Así, si para el primer canal se programan músicas de Mantovani, Ray Conniff, Paul Mauriat, Vangelis, etc., en el segundo, anunciado como un «canal cantado de música agradable» (4), abunda la música latina, temas de baile, músicos como Joan Baez, Rolling Stones, Nirvana, Mocedades, Michael Jackson, Juan Luis Guerra, Rosana, Beatles, etc.
Si en los canales de música instrumental ésta se presenta siempre con un volumen muy discreto y de manera pretendidamente impersonal, la concepción de la música de primer plano, pensada sobre todo para establecimientos comerciales, es en cambio radicalmente diferente. Ya no se trata precisamente de una mera música de fondo, de una música tan sólo para ser oída sino también para ser escuchada. Por esta razón, no se rehúye la posibilidad de que los intérpretes sean identificados. En las programaciones de música de primer plano hallamos piezas originales ¯no meras versiones¯, música vocal o instrumental, el volumen sonoro es obviamente mayor que en el caso de la música de fondo, y la programación musical, lejos de ofrecerse de una manera impersonal, se presenta de manera «articulada» (5) con respecto a las características de los establecimientos comerciales en cuestión. En estos casos, hallamos, pues, una cierta correspondencia a nivel semántico entre el tipo de música programada y la oferta comercial en particular.

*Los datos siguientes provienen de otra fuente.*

lemma step_dfun_in_Delta_plus:
  assumes "0 \<le> c" "0 \<le> a" "a \<le> 1"
  shows "step_dfun c a \<in> Delta_plus"
proof -
  have "mono (step_dfun c a)"
    by (rule monoI) (use assms in \<open>auto simp: step_dfun_def intro: order_trans\<close>)
  moreover have "eventually (\<lambda>x. step_dfun c a (ereal x) = step_dfun c a (ereal t)) (at_left t)" for t
    unfolding eventually_at_left_field
    by (intro exI[of _ "if t \<le> c then t - 1 else c"]) (auto simp: step_dfun_def)
  then have "((\<lambda>x::real. step_dfun c a (ereal x)) \<longlongrightarrow> step_dfun c a (ereal t)) (at_left t)" for t
    by (rule tendsto_eventually)
  ultimately show ?thesis
    using assms unfolding Delta_plus_def distribution_function_def by (auto simp: step_dfun_def)
qed

lemma step_dfun_le: assumes "F \<in> Delta_plus" "a \<le> F (ereal c)" shows "step_dfun c a \<le> F"
proof (rule le_funI)
  fix s
  have "F (ereal c) \<le> F s" if "\<not> s \<le> ereal c" using that Delta_plus_monoD[OF assms(1)] by simp
  then show "step_dfun c a s \<le> F s"
    using Delta_plusD(2,5)[OF assms(1)] assms(2) by (auto simp: step_dfun_def)
qed

lemma step_dfun_leD: "step_dfun c a \<le> F \<Longrightarrow> c < s \<Longrightarrow> a \<le> F (ereal s)"
  using le_funD[of "step_dfun c a" F "ereal s"] by (simp add: step_dfun_def)

definition H0_approx :: "nat \<Rightarrow> dfun" where
  "H0_approx n = step_dfun (1 / (real n + 1)) (1 - 1 / (real n + 1))"

lemma H0_approx_in_Delta_plus: "H0_approx n \<in> Delta_plus"
  unfolding H0_approx_def by (rule step_dfun_in_Delta_plus) (auto simp: field_simps)
lemma injection_limit_gap_le:
  assumes "T k \<le> t" "t < T (Suc k)"
  shows "injection_limit y' k - injection_limit y k \<le> injection y' k t - injection y k t"
  unfolding injection_def injection_limit_def
  by (intro reflection_gap_antimono U_arr_mono y_le drawdown_le_limit assms)

text \<open>Both the capital and the injection gap are the gap at the last arrival plus the running
  injection gap; across an arrival the latter is replaced by its left limit, which bounds it from
  below, and the barrier at \<open>a\<close> can only shrink the capital gap further.\<close>
lemma gap_antimono:
  fixes c :: "nat \<Rightarrow> real" and f :: "real \<Rightarrow> real"
  assumes step: "\<And>k. c (Suc k) \<le> c k + (injection_limit y' k - injection_limit y k)"
    and seg: "\<And>k t. T k \<le> t \<Longrightarrow> t < T (Suc k) \<Longrightarrow> f t = c k + (injection y' k t - injection y k t)"
    and "0 \<le> s" "s \<le> t"
  shows "f t \<le> f s"
proof (rule antimono_by_segments[OF arrivals _ _ assms(3,4)])
  fix k s t assume st: "T k \<le> s" "s \<le> t" "t < T (Suc k)"
  then have "f t = c k + (injection y' k t - injection y k t)"
    "f s = c k + (injection y' k s - injection y k s)"
    by (simp_all add: seg)
  then show "f t \<le> f s"
    using injection_gap_antimono[OF st] by simp
next
  fix k t assume t: "T k \<le> t" "t < T (Suc k)"
  have "f (T (Suc k)) \<le> c (Suc k)"
    using seg[of "Suc k" "T (Suc k)"] T_less_Suc injection_gap_bounds(2) by simp
  also have "\<dots> \<le> c k + (injection y' k t - injection y k t)"
    using step[of k] injection_limit_gap_le[OF t] by linarith
  finally show "f (T (Suc k)) \<le> f t"
    using seg[OF t] by simp
qed
(* In $\mathbb{R}^2\otimes\mathbb{R}^2\otimes\mathbb{R}^2$ with standard orthonormal basis $e_1,e_2$ of $\mathbb{R}^2$, for $t\in\mathbb{R}$ let $f_t=e_2\otimes e_1\otimes e_1+e_1\otimes e_2\otimes e_1+e_1\otimes e_1\otimes e_2+t\,e_2\otimes e_2\otimes e_2$. Then (1) $\|f_t\|_\sigma=|t|$ if $t\ge2$ or $t\le-1$, and $\|f_t\|_\sigma=\frac{2}{\sqrt{3-t}}$ if $-1\le t\le2$; (2) $\|f_t\|_\star=3-t$ if $t\le\frac13$, and $\|f_t\|_\star=\frac{(1+t)^{3/2}}{\sqrt t}$ if $t\ge\frac13$.
   Context: The tensor space carries the inner product induced from the standard one, with euclidean norm $\|\cdot\|_2$. A simple tensor is one of the form $v_1\otimes v_2\otimes v_3$. The spectral norm is $\|T\|_\sigma=\max\{|\langle T,v\rangle|: v \text{ simple},\ \|v\|_2=1\}$. The nuclear norm $\|T\|_\star$ is the minimum of $\sum_{i=1}^r\|v_i\|_2$ over all expressions $T=v_1+\cdots+v_r$ with $v_i$ simple tensors. *)

theory Defs
  imports "HOL-Analysis.Analysis"
begin

text \<open>Tensors in R^2 (x) R^2 (x) R^2 are represented as elements of real^2^2^2;
  the library inner product on this type is exactly the induced (Frobenius) one,
  and norm is the euclidean norm.\<close>

type_synonym tensor3 = "real^2^2^2"

definition tprod3 :: "real^2 \<Rightarrow> real^2 \<Rightarrow> real^2 \<Rightarrow> tensor3" where
  "tprod3 a b c = (\<chi> i j k. a$i * b$j * c$k)"

definition simple_tensor :: "tensor3 \<Rightarrow> bool" where
  "simple_tensor v \<longleftrightarrow> (\<exists>a b c. v = tprod3 a b c)"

Con la música de «primer plano» «pretendemos dar la imagen que el cliente quiere dar, que esté en consonancia con el estilo de lo que quiere vender» (6). Esta idea aparece bien clara en los prospectos de propaganda de música ambiental:
Este tipo de programaciones musicales ¯que en el argot comercial se denomina a la carta¯ es servido por las empresas de música ambiental, pero los pequeños comercios, cada vez más proclives a dotar de diseño acústico a sus instalaciones, no recurren siempre a estas empresas sino que muchas veces son ellos mismos, mediante el uso de los medios convencionales de reproducción sonora, los que se programan su música. Así, por ejemplo, según los datos de un trabajo de campo realizado en 1998, en una de las calles más eminentemente comerciales de Barcelona, la calle Portaferrissa, 38 establecimientos de los 51 (8), que tuvimos ocasión de tomar en consideración, disponían de fondo musical, pero tan sólo 5 de ellos estaban abonados a una empresa proveedora de hilo musical.
La programación musical que podemos denominar «motivada», es decir, la que se articula de manera consciente y premeditada a nivel semántico, no la encontramos tan sólo en aquellos casos en que se identifica la música con la mercancía puesta a la venta, tal como la tienda de ropa para gente joven que programará «música joven» o el restaurante chino que agasajará a sus clientes con música de aquel país asiático. La música ambiental puede ser motivada en muchas más ocasiones. Es el caso de la música navideña que podemos escuchar en los grandes almacenes o incluso a través de los altavoces dispuestos al aire libre en calles de notoria actividad comercial, de la música de Carnaval que se puede oir en algunas ciudades alemanas (Suppan, 1984: 86) o de la música ambiental basada en motivos tradicionales catalanes, tal como es observable en el hilo musical del metro de la ciudad de Barcelona en fiestas señaladas como el día de Sant Jordi.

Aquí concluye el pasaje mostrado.